Material for the task Start Marker

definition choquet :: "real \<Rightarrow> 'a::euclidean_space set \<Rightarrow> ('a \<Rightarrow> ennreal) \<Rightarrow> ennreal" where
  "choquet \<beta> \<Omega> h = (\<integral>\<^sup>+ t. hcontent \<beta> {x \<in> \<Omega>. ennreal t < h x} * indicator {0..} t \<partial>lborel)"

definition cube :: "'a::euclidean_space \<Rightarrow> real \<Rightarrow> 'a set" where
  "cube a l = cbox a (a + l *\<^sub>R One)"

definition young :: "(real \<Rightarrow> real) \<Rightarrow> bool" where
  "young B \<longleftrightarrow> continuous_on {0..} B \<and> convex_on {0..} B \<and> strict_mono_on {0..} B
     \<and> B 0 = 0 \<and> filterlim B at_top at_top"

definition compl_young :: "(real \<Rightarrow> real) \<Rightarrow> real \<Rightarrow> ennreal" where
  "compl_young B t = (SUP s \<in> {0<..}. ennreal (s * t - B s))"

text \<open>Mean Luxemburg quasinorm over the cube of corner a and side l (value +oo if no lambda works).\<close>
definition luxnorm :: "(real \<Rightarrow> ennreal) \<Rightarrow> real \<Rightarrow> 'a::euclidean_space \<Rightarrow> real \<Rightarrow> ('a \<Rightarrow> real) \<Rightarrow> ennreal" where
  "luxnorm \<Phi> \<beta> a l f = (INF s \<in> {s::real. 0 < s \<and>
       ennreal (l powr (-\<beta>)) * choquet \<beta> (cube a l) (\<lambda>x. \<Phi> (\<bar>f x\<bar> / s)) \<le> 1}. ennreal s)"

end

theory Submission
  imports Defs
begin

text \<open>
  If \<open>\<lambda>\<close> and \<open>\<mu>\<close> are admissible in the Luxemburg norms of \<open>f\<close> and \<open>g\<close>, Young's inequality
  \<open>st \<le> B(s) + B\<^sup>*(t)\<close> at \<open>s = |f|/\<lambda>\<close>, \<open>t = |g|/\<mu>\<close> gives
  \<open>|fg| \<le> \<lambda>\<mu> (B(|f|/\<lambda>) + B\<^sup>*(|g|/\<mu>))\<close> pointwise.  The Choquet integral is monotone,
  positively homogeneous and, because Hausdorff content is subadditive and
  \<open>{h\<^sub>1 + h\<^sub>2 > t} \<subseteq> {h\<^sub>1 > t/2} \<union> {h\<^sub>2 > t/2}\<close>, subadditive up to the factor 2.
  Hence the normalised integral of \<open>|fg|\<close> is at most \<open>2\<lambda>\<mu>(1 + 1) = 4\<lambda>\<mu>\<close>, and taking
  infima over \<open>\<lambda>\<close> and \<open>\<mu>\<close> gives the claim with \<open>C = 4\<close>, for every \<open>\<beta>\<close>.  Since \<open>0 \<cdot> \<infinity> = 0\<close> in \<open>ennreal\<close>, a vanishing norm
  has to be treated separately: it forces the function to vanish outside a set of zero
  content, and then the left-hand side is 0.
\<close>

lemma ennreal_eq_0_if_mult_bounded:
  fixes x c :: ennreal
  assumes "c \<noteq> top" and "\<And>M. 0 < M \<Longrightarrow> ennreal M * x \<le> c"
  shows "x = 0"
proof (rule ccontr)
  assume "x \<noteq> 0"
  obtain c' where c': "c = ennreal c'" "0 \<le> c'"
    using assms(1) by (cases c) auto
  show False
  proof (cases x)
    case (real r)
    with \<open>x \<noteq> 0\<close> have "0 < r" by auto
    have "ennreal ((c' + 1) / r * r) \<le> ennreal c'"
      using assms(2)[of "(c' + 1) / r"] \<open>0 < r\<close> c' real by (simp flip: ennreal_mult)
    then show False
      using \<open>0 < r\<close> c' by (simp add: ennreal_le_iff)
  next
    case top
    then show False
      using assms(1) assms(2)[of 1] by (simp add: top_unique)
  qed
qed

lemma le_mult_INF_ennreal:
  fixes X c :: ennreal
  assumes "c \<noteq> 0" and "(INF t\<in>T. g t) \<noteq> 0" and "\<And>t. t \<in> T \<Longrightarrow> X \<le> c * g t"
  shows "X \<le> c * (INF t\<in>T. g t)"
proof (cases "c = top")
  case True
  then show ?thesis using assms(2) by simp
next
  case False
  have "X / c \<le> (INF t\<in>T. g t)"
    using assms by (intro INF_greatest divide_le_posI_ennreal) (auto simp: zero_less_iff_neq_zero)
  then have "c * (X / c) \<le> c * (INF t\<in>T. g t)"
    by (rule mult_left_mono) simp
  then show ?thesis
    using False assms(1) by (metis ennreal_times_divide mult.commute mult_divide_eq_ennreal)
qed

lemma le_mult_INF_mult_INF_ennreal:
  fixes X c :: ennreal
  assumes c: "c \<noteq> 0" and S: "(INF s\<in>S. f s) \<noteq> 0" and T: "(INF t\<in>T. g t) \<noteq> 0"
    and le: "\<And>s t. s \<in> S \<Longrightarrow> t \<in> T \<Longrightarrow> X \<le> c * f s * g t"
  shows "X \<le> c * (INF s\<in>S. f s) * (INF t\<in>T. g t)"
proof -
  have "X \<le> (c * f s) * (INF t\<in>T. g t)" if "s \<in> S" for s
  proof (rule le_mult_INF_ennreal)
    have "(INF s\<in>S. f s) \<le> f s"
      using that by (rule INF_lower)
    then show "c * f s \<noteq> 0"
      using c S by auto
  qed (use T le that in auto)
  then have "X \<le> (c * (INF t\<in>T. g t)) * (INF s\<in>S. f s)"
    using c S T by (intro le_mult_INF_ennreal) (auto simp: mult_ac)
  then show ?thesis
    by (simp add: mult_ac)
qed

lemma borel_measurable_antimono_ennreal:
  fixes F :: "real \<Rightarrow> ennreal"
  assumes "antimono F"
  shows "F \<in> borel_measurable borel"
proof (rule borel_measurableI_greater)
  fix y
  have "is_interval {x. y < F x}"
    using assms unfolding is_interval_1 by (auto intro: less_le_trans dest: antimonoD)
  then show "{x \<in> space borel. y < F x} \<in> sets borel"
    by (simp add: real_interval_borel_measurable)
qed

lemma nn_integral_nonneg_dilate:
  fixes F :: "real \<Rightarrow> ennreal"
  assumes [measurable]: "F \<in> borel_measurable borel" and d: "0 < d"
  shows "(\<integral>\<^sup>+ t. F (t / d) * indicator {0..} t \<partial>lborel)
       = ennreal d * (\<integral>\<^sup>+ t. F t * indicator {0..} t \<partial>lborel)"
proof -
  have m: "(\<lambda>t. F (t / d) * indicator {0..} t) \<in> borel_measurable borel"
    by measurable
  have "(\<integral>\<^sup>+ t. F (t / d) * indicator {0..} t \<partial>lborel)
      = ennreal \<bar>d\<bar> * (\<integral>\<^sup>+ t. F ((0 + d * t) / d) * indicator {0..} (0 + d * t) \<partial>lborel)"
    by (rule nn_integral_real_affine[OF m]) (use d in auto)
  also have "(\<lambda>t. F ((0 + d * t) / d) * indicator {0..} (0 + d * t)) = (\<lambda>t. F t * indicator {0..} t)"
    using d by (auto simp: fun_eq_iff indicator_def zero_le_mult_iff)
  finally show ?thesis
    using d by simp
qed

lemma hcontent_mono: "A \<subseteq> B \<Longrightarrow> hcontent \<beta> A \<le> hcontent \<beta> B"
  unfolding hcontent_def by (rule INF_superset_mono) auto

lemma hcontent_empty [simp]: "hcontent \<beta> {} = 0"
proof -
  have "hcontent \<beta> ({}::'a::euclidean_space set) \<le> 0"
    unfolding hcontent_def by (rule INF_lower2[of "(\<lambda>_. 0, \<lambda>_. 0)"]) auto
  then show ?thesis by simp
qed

Material for the task End Marker

#### [Task instructions]
Show each line in the entries that holds the string "partial".

#### [Final answer]
  "choquet \<beta> \<Omega> h = (\<integral>\<^sup>+ t. hcontent \<beta> {x \<in> \<Omega>. ennreal t < h x} * indicator {0..} t \<partial>lborel)"
  shows "(\<integral>\<^sup>+ t. F (t / d) * indicator {0..} t \<partial>lborel)
       = ennreal d * (\<integral>\<^sup>+ t. F t * indicator {0..} t \<partial>lborel)"
  have "(\<integral>\<^sup>+ t. F (t / d) * indicator {0..} t \<partial>lborel)
      = ennreal \<bar>d\<bar> * (\<integral>\<^sup>+ t. F ((0 + d * t) / d) * indicator {0..} (0 + d * t) \<partial>lborel)"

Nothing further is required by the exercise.